BEGIN EXTRACTED DATA

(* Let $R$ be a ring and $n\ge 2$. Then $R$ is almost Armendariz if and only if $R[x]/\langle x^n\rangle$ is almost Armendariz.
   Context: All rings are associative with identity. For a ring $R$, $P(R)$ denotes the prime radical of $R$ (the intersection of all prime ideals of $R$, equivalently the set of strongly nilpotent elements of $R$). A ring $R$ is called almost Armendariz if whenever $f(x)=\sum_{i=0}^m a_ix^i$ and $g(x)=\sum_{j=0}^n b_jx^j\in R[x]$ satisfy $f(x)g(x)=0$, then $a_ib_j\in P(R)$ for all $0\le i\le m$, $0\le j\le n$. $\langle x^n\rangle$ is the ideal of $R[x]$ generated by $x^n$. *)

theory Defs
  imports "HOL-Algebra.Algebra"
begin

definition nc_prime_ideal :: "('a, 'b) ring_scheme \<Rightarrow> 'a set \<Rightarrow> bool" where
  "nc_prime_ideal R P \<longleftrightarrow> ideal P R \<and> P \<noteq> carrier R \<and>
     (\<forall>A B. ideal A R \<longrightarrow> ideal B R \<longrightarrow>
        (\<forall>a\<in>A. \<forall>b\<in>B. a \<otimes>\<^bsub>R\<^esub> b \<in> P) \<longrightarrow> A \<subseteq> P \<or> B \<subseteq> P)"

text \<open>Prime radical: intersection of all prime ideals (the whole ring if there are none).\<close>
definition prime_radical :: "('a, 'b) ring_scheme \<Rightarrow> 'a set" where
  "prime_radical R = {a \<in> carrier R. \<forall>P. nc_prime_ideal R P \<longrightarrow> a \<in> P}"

END EXTRACTED DATA

- WORK TASK -
Output all of the records above unchanged.

- RESPONSE BELOW -
(* Let $R$ be a ring and $n\ge 2$. Then $R$ is almost Armendariz if and only if $R[x]/\langle x^n\rangle$ is almost Armendariz.
   Context: All rings are associative with identity. For a ring $R$, $P(R)$ denotes the prime radical of $R$ (the intersection of all prime ideals of $R$, equivalently the set of strongly nilpotent elements of $R$). A ring $R$ is called almost Armendariz if whenever $f(x)=\sum_{i=0}^m a_ix^i$ and $g(x)=\sum_{j=0}^n b_jx^j\in R[x]$ satisfy $f(x)g(x)=0$, then $a_ib_j\in P(R)$ for all $0\le i\le m$, $0\le j\le n$. $\langle x^n\rangle$ is the ideal of $R[x]$ generated by $x^n$. *)

theory Defs
  imports "HOL-Algebra.Algebra"
begin

definition nc_prime_ideal :: "('a, 'b) ring_scheme \<Rightarrow> 'a set \<Rightarrow> bool" where
  "nc_prime_ideal R P \<longleftrightarrow> ideal P R \<and> P \<noteq> carrier R \<and>
     (\<forall>A B. ideal A R \<longrightarrow> ideal B R \<longrightarrow>
        (\<forall>a\<in>A. \<forall>b\<in>B. a \<otimes>\<^bsub>R\<^esub> b \<in> P) \<longrightarrow> A \<subseteq> P \<or> B \<subseteq> P)"

text \<open>Prime radical: intersection of all prime ideals (the whole ring if there are none).\<close>
definition prime_radical :: "('a, 'b) ring_scheme \<Rightarrow> 'a set" where
  "prime_radical R = {a \<in> carrier R. \<forall>P. nc_prime_ideal R P \<longrightarrow> a \<in> P}"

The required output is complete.